1941 est l'année d'une nouvelle adaptation du Chat Noir, mais aussi du Loup-garou d'Universal ! Un petit rôle pour Lugosi qui lit la bonne aventure à Lon Chaney Jr (fils de l'homme à qui il souffla indirectement le rôle de Dracula, rappelez-vous) le temps d'une scène où il s'en donne à coeur joie avec toute la démesure qui le caractérise, étant ici à la limite du sur-jeu. Le film est pour sa part excellent, et reste un des meilleurs films sur la lycanthropie.
Comme Lugosi en Dracula, Lon Chaney deviendra le Monsieur Loup-garou. 1941 est aussi l'année de Spooks Run Wild, une comédie épouvantable où trois jeunes visitent un château hanté (par Lugosi, cela va de soi).
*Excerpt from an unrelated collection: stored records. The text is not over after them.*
text \<open>If j is the first coordinate where f and g differ, then f (a j) - g (a j) is a nonzero
  element of cyclic (a j) equal to (phi f - phi g) plus a tail sum in U (j+1) + U (j+1);
  the separation property of U (j+1) forbids phi f - phi g \<in> U (j+1).\<close>
lemma phi_diff_notin_U:
  assumes f: "f \<in> S" and g: "g \<in> S" and differ: "f (a j) \<noteq> g (a j)"
    and agree: "\<And>i. i < j \<Longrightarrow> f (a i) = g (a i)"
  shows "phi f - phi g \<notin> U (Suc j)"
proof
  assume diff_in_U: "phi f - phi g \<in> U (Suc j)"
  define d where "d i = f (a i) - g (a i)" for i
  define I where "I = {i. f (a i) \<noteq> 0} \<union> {i. g (a i) \<noteq> 0} \<union> {j}"
  define J where "J = {i\<in>I. j < i}"
  have "finite I"
    using finite_support f g by (simp add: I_def)
  have "phi f - phi g = sum d I"
    unfolding d_def using \<open>finite I\<close> by (rule phi_diff_eq_sum) (auto simp: I_def)
  also have "\<dots> = d j + sum d (I - {j})"
    using \<open>finite I\<close> by (rule sum.remove) (simp add: I_def)
  also have "sum d (I - {j}) = sum d J"
    using \<open>finite I\<close> agree
    by (intro sum.mono_neutral_right) (auto simp: J_def d_def, metis linorder_neqE_nat)
  finally have "d j = (phi f - phi g) + sum (\<lambda>i. - d i) J"
    by (simp add: sum_negf algebra_simps)
  moreover obtain p q where "p \<in> U (Suc j)" "q \<in> U (Suc j)" "sum (\<lambda>i. - d i) J = p + q"
    using sum_in_U_plus_U[of J "Suc j" "\<lambda>i. - d i"] \<open>finite I\<close> cyclic_a_subset_U minus_in_cyclic
      diff_in_cyclic S_coordinate f g by (fastforce simp: J_def d_def)
  moreover have "d j \<in> cyclic (a j)"
    unfolding d_def using S_coordinate f g diff_in_cyclic by blast
  ultimately have "d j = 0"
    using U_Suc_separates[OF diff_in_U] by simp
  then show False
    using differ by (simp add: d_def)
qed

lemma agree_if_phi_diff_in_U:
  assumes f: "f \<in> S" and g: "g \<in> S" and "phi f - phi g \<in> U k" and "i < k"
  shows "f (a i) = g (a i)"
proof (rule ccontr)
  assume "f (a i) \<noteq> g (a i)"
  then obtain j where j: "f (a j) \<noteq> g (a j)" "\<And>i. i < j \<Longrightarrow> f (a i) = g (a i)" "j \<le> i"
    using exists_least_iff[of "\<lambda>i. f (a i) \<noteq> g (a i)"] by (metis not_le)
  have "U k \<subseteq> U (Suc j)"
    using U_antimono \<open>i < k\<close> \<open>j \<le> i\<close> by simp
  then show False
    using phi_diff_notin_U[OF f g j(1,2)] \<open>phi f - phi g \<in> U k\<close> by blast
qed

lemma inj_on_phi: "inj_on phi S"
proof (rule inj_onI)
  fix f g
  assume "f \<in> S" "g \<in> S" "phi f = phi g"
  then show "f = g"
    using agree_if_phi_diff_in_U[of f g "Suc _"] zero_in_U S_eqI by (metis lessI right_minus_eq)
qed

lemma mem_cylinder_range_a:
  "g \<in> cylinder (range a) f (a ` {..<k}) \<longleftrightarrow> g \<in> S \<and> (\<forall>i<k. g (a i) = f (a i))"
  by (auto simp: cylinder_def)

lemma openin_cylinder_range_a:
  "f \<in> S \<Longrightarrow> openin (S_topology T (range a)) (cylinder (range a) f (a ` {..<k}))"
  by (intro openin_S_topology_cylinder[OF topspace_UNIV discrete_cyclic]) auto

lemma continuous_map_phi: "continuous_map (S_topology T (range a)) T phi"
  unfolding continuous_map_eq_topcontinuous_at topcontinuous_at_def
proof (intro ballI conjI allI impI)
  fix f V
  assume "f \<in> topspace (S_topology T (range a))" and V: "openin T V \<and> phi f \<in> V"
  then have f: "f \<in> S"
    by (simp add: topspace_S_topology[OF topspace_UNIV])
  obtain k where k: "U k \<subseteq> {x. phi f + x \<in> V}"
    using U_shrinks openin_translation_preimage[OF topological_group] V by force
  have "phi g \<in> V" if "g \<in> cylinder (range a) f (a ` {..<Suc k})" for g
  proof -
    have "phi g - phi f \<in> U k"
      using that f by (intro phi_diff_in_U_if_agree) (auto simp: mem_cylinder_range_a)
    then show ?thesis
      using k by auto
  qed
  moreover have "f \<in> cylinder (range a) f (a ` {..<Suc k})"
    using f by (simp add: mem_cylinder_range_a)
  ultimately show "\<exists>W. openin (S_topology T (range a)) W \<and> f \<in> W \<and> (\<forall>g\<in>W. phi g \<in> V)"
    using openin_cylinder_range_a[OF f] by blast
qed (simp_all add: topspace_UNIV)

lemma open_map_phi: "open_map (S_topology T (range a)) (subtopology T (phi ` S)) phi"
  unfolding open_map_def
proof (intro allI impI)
  fix N
  assume N: "openin (S_topology T (range a)) N"
  have "N \<subseteq> S"
    using openin_subset[OF N] by (simp add: topspace_S_topology[OF topspace_UNIV])
  show "openin (subtopology T (phi ` S)) (phi ` N)"
  proof (subst openin_subopen, intro ballI)
    fix y
    assume "y \<in> phi ` N"
    then obtain f where "f \<in> N" "y = phi f"
      by blast
    then have f: "f \<in> S"
      using \<open>N \<subseteq> S\<close> by blast
    obtain F where "finite F" "F \<subseteq> range a" and F: "cylinder (range a) f F \<subseteq> N"
      using S_topology_cylinder_subset[OF topspace_UNIV N \<open>f \<in> N\<close>] by blast
    then obtain k where "F \<subseteq> a ` {..<k}"
      using finite_nat_bounded[OF finite_vimageI[OF \<open>finite F\<close> inj_a]] by (fastforce simp: subset_iff)
    then have "cylinder (range a) f (a ` {..<k}) \<subseteq> N"
      using F by (force simp: cylinder_def)
    define W where "W = {x. - phi f + x \<in> U k} \<inter> phi ` S"
    have "W \<subseteq> phi ` N"
    proof
      fix z
      assume "z \<in> W"
      then obtain g where g: "g \<in> S" "z = phi g" "phi g - phi f \<in> U k"
        by (auto simp: W_def)
      then have "g \<in> cylinder (range a) f (a ` {..<k})"
        using agree_if_phi_diff_in_U[OF g(1) f g(3)] by (simp add: mem_cylinder_range_a)
      then show "z \<in> phi ` N"
        using \<open>cylinder (range a) f (a ` {..<k}) \<subseteq> N\<close> g(2) by blast
    qed
    moreover have "openin (subtopology T (phi ` S)) W"
      unfolding W_def openin_subtopology
      using openin_translation_preimage[OF topological_group openin_U] by blast
    moreover have "y \<in> W"
      using f zero_in_U \<open>y = phi f\<close> by (simp add: W_def)
    ultimately show "\<exists>W. openin (subtopology T (phi ` S)) W \<and> y \<in> W \<and> W \<subseteq> phi ` N"
      by blast
  qed
qed

lemma contains_S_range_a: "contains_S T (range a)"
proof -
  have "homeomorphic_map (S_topology T (range a)) (subtopology T (phi ` S)) phi"
    using continuous_map_phi inj_on_phi
    by (intro bijective_open_imp_homeomorphic_map open_map_phi)
      (auto simp: continuous_map_in_subtopology topspace_S_topology[OF topspace_UNIV] topspace_UNIV)
  then show ?thesis
    unfolding contains_S_def using phi_S_add inj_on_phi by blast
qed

end

lemma not_NSS_obtain_cyclic:
  assumes "\<not> NSS T" "openin T W" "0 \<in> W"
  obtains x where "x \<noteq> 0" "cyclic x \<subseteq> W"
proof -
  obtain H where "add_subgroup H" "H \<subseteq> W" "H \<noteq> {0}"
    using assms unfolding NSS_def by blast
  moreover from this obtain x where "x \<in> H" "x \<noteq> 0"
    by (auto simp: add_subgroup_def)
  ultimately show thesis
    using that cyclic_subset_add_subgroup by blast
qed

text \<open>Since 0 is isolated in cyclic x, some neighbourhood Z of 0 meets cyclic x only in 0; the
  new neighbourhood W' is chosen with W' + W' + W' \<subseteq> W \<inter> Z \<inter> B.\<close>
lemma separating_step:
  assumes tg: "topological_ab_group T"
    and discrete: "\<And>x. subtopology T (cyclic x) = discrete_topology (cyclic x)"
    and "\<not> NSS T" and W: "openin T W" "0 \<in> W" and B: "openin T B" "0 \<in> B"
  obtains x W' where "x \<noteq> 0" "cyclic x \<subseteq> W" "openin T W'" "0 \<in> W'" "W' \<subseteq> B"
    "\<And>p q. p \<in> W' \<Longrightarrow> q \<in> W' \<Longrightarrow> p + q \<in> W"
    "\<And>p q r. p \<in> W' \<Longrightarrow> q \<in> W' \<Longrightarrow> r \<in> W' \<Longrightarrow> p + (q + r) \<in> cyclic x \<Longrightarrow> p + (q + r) = 0"
proof -
  obtain x where x: "x \<noteq> 0" "cyclic x \<subseteq> W"
    using not_NSS_obtain_cyclic[OF \<open>\<not> NSS T\<close> W] .
  have "openin (subtopology T (cyclic x)) {0}"
    by (simp add: discrete zero_in_cyclic)
  then obtain Z where Z: "openin T Z" "{0} = Z \<inter> cyclic x"
    unfolding openin_subtopology by blast
  have "openin T (W \<inter> Z \<inter> B)" "0 \<in> W \<inter> Z \<inter> B"
    using W Z B by auto
  then obtain W1 where W1: "openin T W1" "0 \<in> W1"
    "\<And>p q. p \<in> W1 \<Longrightarrow> q \<in> W1 \<Longrightarrow> p + q \<in> W \<inter> Z \<inter> B"
    using topological_ab_group_half_neighbourhood[OF tg] by metis
  then obtain W2 where W2: "openin T W2" "0 \<in> W2"
    "\<And>p q. p \<in> W2 \<Longrightarrow> q \<in> W2 \<Longrightarrow> p + q \<in> W1"
    using topological_ab_group_half_neighbourhood[OF tg] by metis
  have W2_W1: "W2 \<subseteq> W1" and W1_sub: "W1 \<subseteq> W \<inter> Z \<inter> B"
    using W1(2,3) W2(2,3) by (metis add.right_neutral subsetI)+
  show thesis
  proof (rule that[OF x W2(1,2)])
    show "W2 \<subseteq> B"
      using W2_W1 W1_sub by blast
    show "p + q \<in> W" if "p \<in> W2" "q \<in> W2" for p q
      using W2(3)[OF that] W1_sub by blast
    show "p + (q + r) = 0" if "p \<in> W2" "q \<in> W2" "r \<in> W2" "p + (q + r) \<in> cyclic x" for p q r
    proof -
      have "p + (q + r) \<in> Z"
        using W1(3)[of p "q + r"] W2(3)[of q r] W2_W1 that(1-3) by blast
      then show ?thesis
        using Z(2) that(4) by blast
    qed
  qed
qed

text \<open>U (k+1) is also shrunk into the k-th member of a countable base at 0, so that the U k
  form a neighbourhood base of 0.\<close>
lemma not_NSS_imp_contains_S:
  fixes T :: "('a::ab_group_add) topology"
  assumes tg: "topological_ab_group T" and "metrizable_space T"
    and discrete: "\<And>x. subtopology T (cyclic x) = discrete_topology (cyclic x)"
    and "\<not> NSS T"
  shows "\<exists>A. infinite A \<and> contains_S T A"
proof -
  have top: "topspace T = UNIV"
    using tg by (rule topspace_topological_ab_group)
  have base_point: "first_countable T" "0 \<in> topspace T"
    using metrizable_imp_first_countable[OF \<open>metrizable_space T\<close>] by (simp_all add: top)
  obtain B :: "nat \<Rightarrow> 'a set" where B: "\<And>n. openin T (B n)" "\<And>n. 0 \<in> B n"
    and B_base: "\<And>V. openin T V \<Longrightarrow> 0 \<in> V \<Longrightarrow> \<exists>n. B n \<subseteq> V"
    by (rule first_countable_nat_neighbourhood_base[OF base_point], rule that)
  define step where "step n W x W' \<longleftrightarrow>
      x \<noteq> 0 \<and> cyclic x \<subseteq> W \<and> openin T W' \<and> 0 \<in> W' \<and> W' \<subseteq> B n \<and>
      (\<forall>p\<in>W'. \<forall>q\<in>W'. p + q \<in> W) \<and>
      (\<forall>p\<in>W'. \<forall>q\<in>W'. \<forall>r\<in>W'. p + (q + r) \<in> cyclic x \<longrightarrow> p + (q + r) = 0)" for n W x W'
  have step_exists: "\<exists>W'. (openin T W' \<and> 0 \<in> W') \<and> (\<exists>x. step n W x W')"
    if W: "openin T W \<and> 0 \<in> W" for W n
  proof -
    obtain x W' where "x \<noteq> 0" "cyclic x \<subseteq> W" "openin T W'" "0 \<in> W'" "W' \<subseteq> B n"
      "\<And>p q. p \<in> W' \<Longrightarrow> q \<in> W' \<Longrightarrow> p + q \<in> W"
      "\<And>p q r. p \<in> W' \<Longrightarrow> q \<in> W' \<Longrightarrow> r \<in> W' \<Longrightarrow> p + (q + r) \<in> cyclic x \<Longrightarrow> p + (q + r) = 0"
      by (rule separating_step[OF tg discrete \<open>\<not> NSS T\<close> W[THEN conjunct1] W[THEN conjunct2] B(1,2)],
          rule that)
    then have "step n W x W'"
      unfolding step_def by simp
    with \<open>openin T W'\<close> \<open>0 \<in> W'\<close> show ?thesis
      by blast
  qed
  have "\<exists>U. \<forall>n. (openin T (U n) \<and> 0 \<in> U n) \<and> (\<exists>x. step n (U n) x (U (Suc n)))"
  proof (rule dependent_nat_choice)
    show "\<exists>W. openin T W \<and> 0 \<in> W"
      using openin_topspace[of T] top by blast
  qed (rule step_exists)
  then obtain U where U: "\<And>n. openin T (U n)" "\<And>n. 0 \<in> U n"
    "\<forall>n. \<exists>x. step n (U n) x (U (Suc n))"
    by blast
  then obtain a where a: "\<And>n. step n (U n) (a n) (U (Suc n))"
    using choice[OF U(3)] by blast
  interpret separating_sequence T U a
  proof
    show "\<And>V. openin T V \<Longrightarrow> 0 \<in> V \<Longrightarrow> \<exists>k. U k \<subseteq> V"
      using B_base a unfolding step_def by (metis order_trans)
  qed (use tg discrete U(1,2) a in \<open>auto simp: step_def\<close>)
  show ?thesis
    using range_inj_infinite[OF inj_a] contains_S_range_a by blast
qed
Navrant de bout en bout. En 1942, Lugosi retrouvera Lon Chaney, celui-ci jouant cette fois le monstre de Frankenstein dans Ghost of Frankenstein. 1942 est une année importante, car aussi celle de The Corpses Vanishes et Bowery at Midnight.
The Corpses Vanishes est avec White Zombie un des meilleurs Lugosi parmi ceux que j'ai vu, Dracula mis à part. Suivant les agissements d'un savant fou (Lugosi) nous découvrons un film théâtral, pas vraiment affranchi du cinéma muet et non dépourvu d'un aspect tragique. Superbe. Même année, Lugosi prend un rôle important dans Bowery at Midnight, à mi-chemin entre le film policier et le film fantastique ambigu. Curieux mélange, où Lugosi disparaît dans des passages secrets tout en revêtant l'imperméable et le chapeau mou du film Noir. Une belle réussite également, prenante et inquiétante.
1943 est l'année d'une curiosité, Frankenstein contre le Loup-garou, où Lugosi interprète (enfin pourrait-on dire) le Monstre de Frankenstein. Année aussi de the Ape man, curieux film où Lugosi est encore une fois un savant fou transformé en homme-singe tentant de redevenir humain. Entre tragique et ridicule, The Ape Man cherche un peu sa voie. Tout est bizarre dans ce film, même Lugosi, empêtré dans sa fausse barbe et une impayable démarche simiesque, nous livre une performance à la limite du cabotinage.
Sur la fin des années 40, Lugosi va tourner des films plus ou moins sérieux, dont l'improbable Zombie on Broadway, ou encore Abott et Costello contre Frankenstein, qui est un peu le "Les Charlots Contre Dracula" de l'époque. On retiendra tant bien que mal Scared To Death, film curieux où un cadavre allongé sur une table d'autopsie raconte la cause de sa mort. Lugosi prend des couleurs et cabotine tranquillement en médecin hypnotiseur dans ce film qui se laisse voir et qui tourne gentiment en rond.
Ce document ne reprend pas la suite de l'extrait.